Coal ports push forward
Plans for a coal port at Longview received a boost Wednesday morning with the start of an environmental impact statement. The state Department of Ecology and Cowlitz County said the most detailed study will be of local environmental and health issues, but some attention will be paid to the statewide effects of increased pollution, including from climate-changing greenhouse gases. The study of global warming contributions was enough to provide some cheer to environmentalists opposed to sending coal to China. Ambre Energy, owner of the proposed Millennium terminal in Longview, has also received an Oregon state water-quality permit for a coal port it wants to build in Boardman. Crosscut's Floyd McKay reports on the developments here. — J.C.

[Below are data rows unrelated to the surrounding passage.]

lemma squarefree_dvd_if_prime_divisors_dvd:
  fixes a b :: "'a::factorial_semiring"
  assumes "squarefree a" "b \<noteq> 0" and "\<And>p. prime p \<Longrightarrow> p dvd a \<Longrightarrow> p dvd b"
  shows "a dvd b"
proof -
  have "a \<noteq> 0" using assms(1) by auto
  have "prime_factorization a \<subseteq># prime_factorization b"
  proof (rule mset_subset_eqI)
    fix p
    show "count (prime_factorization a) p \<le> count (prime_factorization b) p"
    proof (cases "prime p \<and> p dvd a")
      case True
      hence "multiplicity p a \<le> 1"
        using assms(1) squarefree_factorial_semiring''[OF \<open>a \<noteq> 0\<close>] by blast
      moreover have "multiplicity p b \<ge> 1"
        using True assms(2,3) prime_elem_multiplicity_eq_zero_iff[of p b] by (auto simp: Suc_le_eq)
      ultimately show ?thesis using True by (simp add: count_prime_factorization_prime)
    next
      case False
      thus ?thesis using \<open>a \<noteq> 0\<close>
        by (auto simp: count_prime_factorization not_dvd_imp_multiplicity_0)
    qed
  qed
  thus ?thesis by (rule prime_factorization_subset_imp_dvd[OF \<open>a \<noteq> 0\<close>])
qed

lemma sum_powers_less_power:
  assumes "(c::nat) \<ge> 2"
  shows "(\<Sum>d<s. c ^ d) < c ^ s"
proof (induction s)
  case (Suc s)
  have "(\<Sum>d<Suc s. c ^ d) < c ^ s + c ^ s" using Suc by simp
  also have "\<dots> = 2 * c ^ s" by simp
  also have "\<dots> \<le> c ^ Suc s" unfolding power_Suc by (rule mult_le_mono1[OF assms])
  finally show ?case .
qed simp

lemma exists_irreducible_of_degree:
  assumes "s \<ge> 1"
  shows "\<exists>f :: 'a::prime_card mod_ring poly. irreducible f \<and> degree f = s"
proof (rule ccontr)
  \<comment> \<open>X^(p^s) - X is squarefree and its irreducible factors have degree at most s; if none has
     degree s, it divides the product of the X^(p^d) - X with d < s, which has smaller degree.\<close>
  assume none: "\<not> ?thesis"
  define P :: "nat \<Rightarrow> 'a mod_ring poly" where "P d = monom 1 1 ^ CARD('a) ^ d - monom 1 1" for d
  define Q where "Q = (\<Prod>d\<in>{1..<s}. P d)"
  have card: "CARD('a) \<ge> 2" using prime_card prime_ge_2_nat by blast
  have degP: "degree (P d) = CARD('a) ^ d" if "d \<ge> 1" for d
  proof -
    have "CARD('a) ^ 1 \<le> CARD('a) ^ d" using that card by (intro power_increasing) auto
    thus ?thesis unfolding P_def using card by (intro degree_X_power_minus_X) simp
  qed
  have "P d \<noteq> 0" if "d \<ge> 1" for d
    using degP[OF that] card by (metis degree_0 power_not_zero not_numeral_le_zero)
  hence "Q \<noteq> 0" unfolding Q_def by simp
  have "P s dvd Q"
  proof (rule squarefree_dvd_if_prime_divisors_dvd[OF _ \<open>Q \<noteq> 0\<close>])
    have "pderiv (P s) = -1" unfolding P_def by (rule pderiv_X_power_card_minus_X[OF assms])
    thus "squarefree (P s)" by (intro squarefree_if_is_unit_pderiv) simp
    fix p assume "prime p" "p dvd P s"
    hence irr: "irreducible p" by (intro prime_elem_imp_irreducible prime_imp_prime_elem)
    have "p \<noteq> 0" "\<not> is_unit p" using \<open>prime p\<close> not_prime_0 not_prime_unit by blast+
    hence "degree p \<ge> 1" using is_unit_iff_degree by fastforce
    moreover have "degree p \<le> s"
      using degree_divisor2[OF irr refl, of s] \<open>p dvd P s\<close> assms by (fastforce simp: P_def)
    moreover have "degree p \<noteq> s" using none irr by blast
    ultimately have "degree p \<in> {1..<s}" by simp
    moreover have "p dvd P (degree p)"
      unfolding P_def by (rule degree_divisor1[OF irr refl])
    ultimately show "p dvd Q" unfolding Q_def by (meson dvd_prodI finite_atLeastLessThan dvd_trans)
  qed
  hence "CARD('a) ^ s \<le> degree Q" using degP[OF assms] \<open>Q \<noteq> 0\<close> by (metis divides_degree)
  also have "degree Q \<le> (\<Sum>d\<in>{1..<s}. CARD('a) ^ d)"
    unfolding Q_def by (rule order.trans[OF degree_prod_sum_le]) (auto simp: degP)
  also have "\<dots> \<le> (\<Sum>d<s. CARD('a) ^ d)" by (rule sum_mono2) auto
  also have "\<dots> < CARD('a) ^ s" using card by (rule sum_powers_less_power)
  finally show False by simp
qed

lemma exists_field_of_card_power:
  assumes "s \<ge> 1"
  shows "\<exists>R :: 'a::prime_card mod_ring poly ring.
           field R \<and> finite (carrier R) \<and> card (carrier R) = CARD('a) ^ s"
proof -
  obtain f :: "'a mod_ring poly" where f: "irreducible f" "degree f = s"
    using exists_irreducible_of_degree[OF assms] by blast
  interpret poly_mod_type_irr "int CARD('a)" f by unfold_locales (auto simp: f)
  have "card (carrier R) = CARD('a) ^ s" by (simp add: R_def f)
  thus ?thesis using field_R.field_axioms by auto
qed

text \<open>A three-element type, so that \<open>three mod_ring\<close> is the field with three elements.\<close>

typedef three = "{0..<3::nat}" by (rule exI[of _ 0]) simp

lemma card_three: "CARD(three) = 3"
  using type_definition.card[OF type_definition_three] by simp

instance three :: prime_card
  by standard (simp add: card_three)


definition rank :: "'a list \<Rightarrow> 'a \<Rightarrow> nat" where
  "rank xs a = length (takeWhile (\<lambda>b. b \<noteq> a) xs)"

lemma rank_less_length: "a \<in> set xs \<Longrightarrow> rank xs a < length xs"
  unfolding rank_def by (induction xs) auto

lemma nth_rank: "a \<in> set xs \<Longrightarrow> xs ! rank xs a = a"
  using nth_length_takeWhile[of "\<lambda>b. b \<noteq> a" xs] rank_less_length[of a xs]
  unfolding rank_def by auto

lemma rank_nth: "distinct xs \<Longrightarrow> i < length xs \<Longrightarrow> rank xs (xs ! i) = i"
  using nth_rank[of "xs ! i" xs] rank_less_length[of "xs ! i" xs] nth_eq_iff_index_eq by force

lemma rank_eq_iff: "a \<in> set xs \<Longrightarrow> b \<in> set xs \<Longrightarrow> rank xs a = rank xs b \<longleftrightarrow> a = b"
  by (metis nth_rank)

lemma rank_rev:
  assumes "distinct xs" "a \<in> set xs"
  shows "rank (rev xs) a = length xs - 1 - rank xs a"
proof -
  have i: "rank xs a < length xs" using rank_less_length[OF assms(2)] .
  hence "rev xs ! (length xs - 1 - rank xs a) = a" by (simp add: rev_nth nth_rank[OF assms(2)])
  moreover have "rank (rev xs) (rev xs ! (length xs - 1 - rank xs a)) = length xs - 1 - rank xs a"
    using assms(1) i by (intro rank_nth) auto
  ultimately show ?thesis by simp
qed

lemma rank_rev_less_iff:
  "distinct xs \<Longrightarrow> a \<in> set xs \<Longrightarrow> b \<in> set xs \<Longrightarrow>
   rank (rev xs) a < rank (rev xs) b \<longleftrightarrow> rank xs b < rank xs a"
  using rank_rev[of xs a] rank_rev[of xs b] rank_less_length[of a xs] rank_less_length[of b xs]
  by auto

lemma sorted_wrt_rank: "distinct xs \<Longrightarrow> sorted_wrt (\<lambda>a b. rank xs a < rank xs b) xs"
  unfolding sorted_wrt_iff_nth_less by (auto simp: rank_nth)

lemma subseq_iff_sorted_wrt:
  fixes f :: "'a \<Rightarrow> 'b::order"
  assumes "sorted_wrt (\<lambda>a b. f a < f b) ys"
  shows "subseq xs ys \<longleftrightarrow> set xs \<subseteq> set ys \<and> sorted_wrt (\<lambda>a b. f a < f b) xs"
  using assms
proof (induction ys arbitrary: xs)
  case Nil thus ?case by (cases xs) auto
next
  case (Cons a ys)
  hence a_min: "\<forall>b\<in>set ys. f a < f b" and IH: "\<And>xs. subseq xs ys \<longleftrightarrow>
      set xs \<subseteq> set ys \<and> sorted_wrt (\<lambda>a b. f a < f b) xs" by auto
  show ?case
  proof (cases xs)
    case (Cons x xs')
    show ?thesis
    proof (cases "x = a")
      case True thus ?thesis using Cons IH a_min by auto
    next
      case False
      have "a \<notin> set xs" if "set xs \<subseteq> insert a (set ys)" "sorted_wrt (\<lambda>a b. f a < f b) xs"
        using that a_min False Cons by (auto dest: order.asym)
      thus ?thesis using Cons IH False by auto
    qed
  qed simp
qed

lemma subseq3_iff_rank:
  "distinct xs \<Longrightarrow> subseq [a, b, c] xs \<longleftrightarrow>
     a \<in> set xs \<and> b \<in> set xs \<and> c \<in> set xs \<and> rank xs a < rank xs b \<and> rank xs b < rank xs c"
  using subseq_iff_sorted_wrt[OF sorted_wrt_rank, of xs "[a, b, c]"] by auto

lemma subseq_sort_key_iff:
  fixes f :: "'a \<Rightarrow> 'b::linorder"
  assumes "inj_on f (set xs)" "distinct xs"
  shows "subseq ys (sort_key f xs) \<longleftrightarrow> set ys \<subseteq> set xs \<and> sorted_wrt (\<lambda>a b. f a < f b) ys"
proof -
  have "sorted_wrt (<) (map f (sort_key f xs))"
    using assms by (simp add: strict_sorted_iff distinct_map)
  hence "sorted_wrt (\<lambda>a b. f a < f b) (sort_key f xs)" by (simp add: sorted_wrt_map)
  thus ?thesis by (simp add: subseq_iff_sorted_wrt)
qed

lemma size_filter_mset_eq_sum_of_bool:
  "size (filter_mset P M) = (\<Sum>x\<in>#M. of_bool (P x))"
  by (induction M) auto

lemma sum_mset_sum:
  "finite A \<Longrightarrow> (\<Sum>x\<in>#(\<Sum>a\<in>A. M a). f x) = (\<Sum>a\<in>A. \<Sum>x\<in># M a. f x)"
  by (induction A rule: finite_induct) auto


section \<open>Counting in a PSCA(q, 3)\<close>

lemma PSCA_member_perm: "is_PSCA n k lam X \<Longrightarrow> \<sigma> \<in># X \<Longrightarrow> distinct \<sigma> \<and> set \<sigma> = {1..n}"
  unfolding is_PSCA_def perms_def by auto
lemma eventually_dyadic_lower_bound:
  fixes P g :: "real \<Rightarrow> real"
  assumes quot: "((\<lambda>u. (P u / P (u * 2) - 1) / g u) \<longlongrightarrow> k) at_top"
    and g_lim: "(g \<longlongrightarrow> 0) at_top"
    and g_mono: "\<exists>u0. \<forall>x y. u0 \<le> x \<longrightarrow> x \<le> y \<longrightarrow> g y \<le> g x"
    and g_pos: "\<forall>\<^sub>F u in at_top. g u > 0" and P_pos: "\<And>u. P u > 0"
  shows "\<forall>\<^sub>F x in at_top. \<forall>m. P x * (1 - real m * ((\<bar>k\<bar> + 1) * g x)) \<le> P (x * 2 ^ m)"
proof -
  define K where "K = \<bar>k\<bar> + 1"
  obtain u0 where u0: "\<And>x y. u0 \<le> x \<Longrightarrow> x \<le> y \<Longrightarrow> g y \<le> g x" using g_mono by blast
  have "\<forall>\<^sub>F x in at_top. \<forall>u\<ge>x. P u * (1 - K * g u) \<le> P (u * 2)"
    unfolding K_def by (rule eventually_all_ge_at_top[OF eventually_doubling_lower_bound[OF quot g_pos P_pos]])
  moreover have "\<forall>\<^sub>F x in at_top. K * g x < 1"
    using tendsto_mult_right_zero[OF g_lim, of K] by (rule order_tendstoD) simp
  moreover note eventually_ge_at_top[of "max u0 0"]
  ultimately show ?thesis
  proof eventually_elim
    case (elim x)
    have "K * g u \<le> K * g x" if "x \<le> u" for u
      using u0[OF _ that] elim by (intro mult_left_mono) (auto simp: K_def)
    with elim P_pos show ?case
      unfolding K_def[symmetric]
      by (intro allI dyadic_lower_bound_of_doubling_step[where a = "\<lambda>u. K * g u"]) (auto intro: less_imp_le)
  qed
qed
definition support_init :: prog where
  "support_init = Seq (instrs [IConst 16 1, ISub 12 0 16, ISub 13 4 1, IConst 16 2, ISub 13 13 16])
     (Seq (If (ILess 13 12) (instrs [IAdd 12 13 20]) Skip)
       (instrs [IConst 16 1, IAdd 12 12 16, IConst 11 0, IConst 18 1]))"
definition support_body :: prog where
  "support_body = Seq (instrs [ISub 14 2 11, IMul 15 7 14, IAdd 15 6 15, RLoad 8 15,
       IConst 16 1, ISub 14 14 16, IMul 15 7 14, IAdd 15 6 15, RLoad 9 15])
     (Seq (If (RLess 9 8) (instrs [IStore 11 18]) Skip) (instrs [IConst 16 1, IAdd 11 11 16]))"
definition support_loop :: prog where "support_loop = While (ILess 11 12) support_body"

definition search :: prog where
  "search = Seq (instrs [IConst 8 1]) (Seq k_loop (Seq support_init support_loop))"

definition load_input :: "nat \<Rightarrow> prog" where
  "load_input j = (if j = 1 then
     instrs [IAdd 3 0 20, IAdd 4 1 20, IConst 0 0, IConst 1 0, IConst 5 0, IAdd 6 3 20, IConst 7 1]
   else instrs [IAdd 3 0 20, IAdd 4 1 20, IConst 0 0, IConst 1 0, IConst 14 1, IAdd 5 3 14,
      IAdd 6 3 3, IAdd 6 6 14, IConst 7 (-1)])"

definition store_output :: prog where "store_output = instrs [IMul 14 7 2, IAdd 2 5 14]"

definition separation_prog :: "nat \<Rightarrow> prog" where
  "separation_prog j = Seq (load_input j) (Seq search store_output)"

A landscape architect's ideas for redesigning the Pike-Pine corridor could transform the central downtown. The Seattle Times reports that tall shrubs would eventually be gone from east-west streets to ensure views, a retail corridor would be created and sidewalks would become uniform. What, no crazy patchwork of differing overhangs? The plan was created for the Downtown Seattle Association. The city planning department has already accepted most of the ideas, developed by Shannon Nichol of Gustafson Guthrie Nichol. Oh, and before activists start chaining themselves to any existing shrubs, Times writer Sanjay Bhatt notes that the city would continue to plant trees on north-south streets. (This item has been updated since it first appeared.) — J.C.
$15 freight train
A strong majority of Seattle voters are in favor of a $15 minimum wage, according to a newly reported poll. The Stranger’s Slog says the poll, which was conducted by EMC Research in January, found that the 68 percent of likely voters supported a minimum wage hike. There are strong feelings among many of the supporters, too: 35 percent of those surveyed said they “strongly support” the proposal; 14 percent “strongly oppose.” The Stranger's Goldy notes that the measure wins support with every demographic, except Republicans (yes, there are some in Seattle). Update 5:12 p.m.: The poll was apparently conducted on behalf of supporters of a higher wage. — M.C.
Look who's ridesharing
Spotted Wednesday afternoon outside City Hall at a Lyft rally sporting a fuzzy, pink mustache on his jacket: savvy public affairs strategist (and former Ed Murray campaign consultant) Sandeep Kaushik. He stood by as the rideshare app's cofounder, John Zimmer, took questions from reporters. Kaushik, asked if he is working with the company, said yes. A city council committee could vote Friday on a package of rules that restricts the number of rideshare drivers allowed to operate in Seattle. Lyft and other ridershare companies oppose limits. — B.L.
Construction workers found what is believed to be a tusk from an Ice Age mammoth while working at a site in South Lake Union Tuesday. A Transit Plumbing employee discovered the tusk while the company was working on a private project. According to The Seattle Times, since the tusk was found on private property, it’s up to the landowner to decide what to do with it. However, paleontologists at the Burke Museum have offered to excavate the tusk and provide scientists to study it. Christian Sidor, curator of vertebrate paleontology, calls this a “rare opportunity to directly study Seattle’s ancient natural history.” — M.C.
Joe Wells with the tusk he found/Jeff Estep photo courtesy of Transit Plumbing
Bellevue arts boost?
The long-discussed Tateuchi Center for performing arts in downtown Bellevue could get a boost from city government. According to the Bellevue Reporter, the City Council is considering whether to become a partner in the development. And, yes, partnership could include city funds. Councilmember Kevin Wallace says voters should have a say on that. — J.C.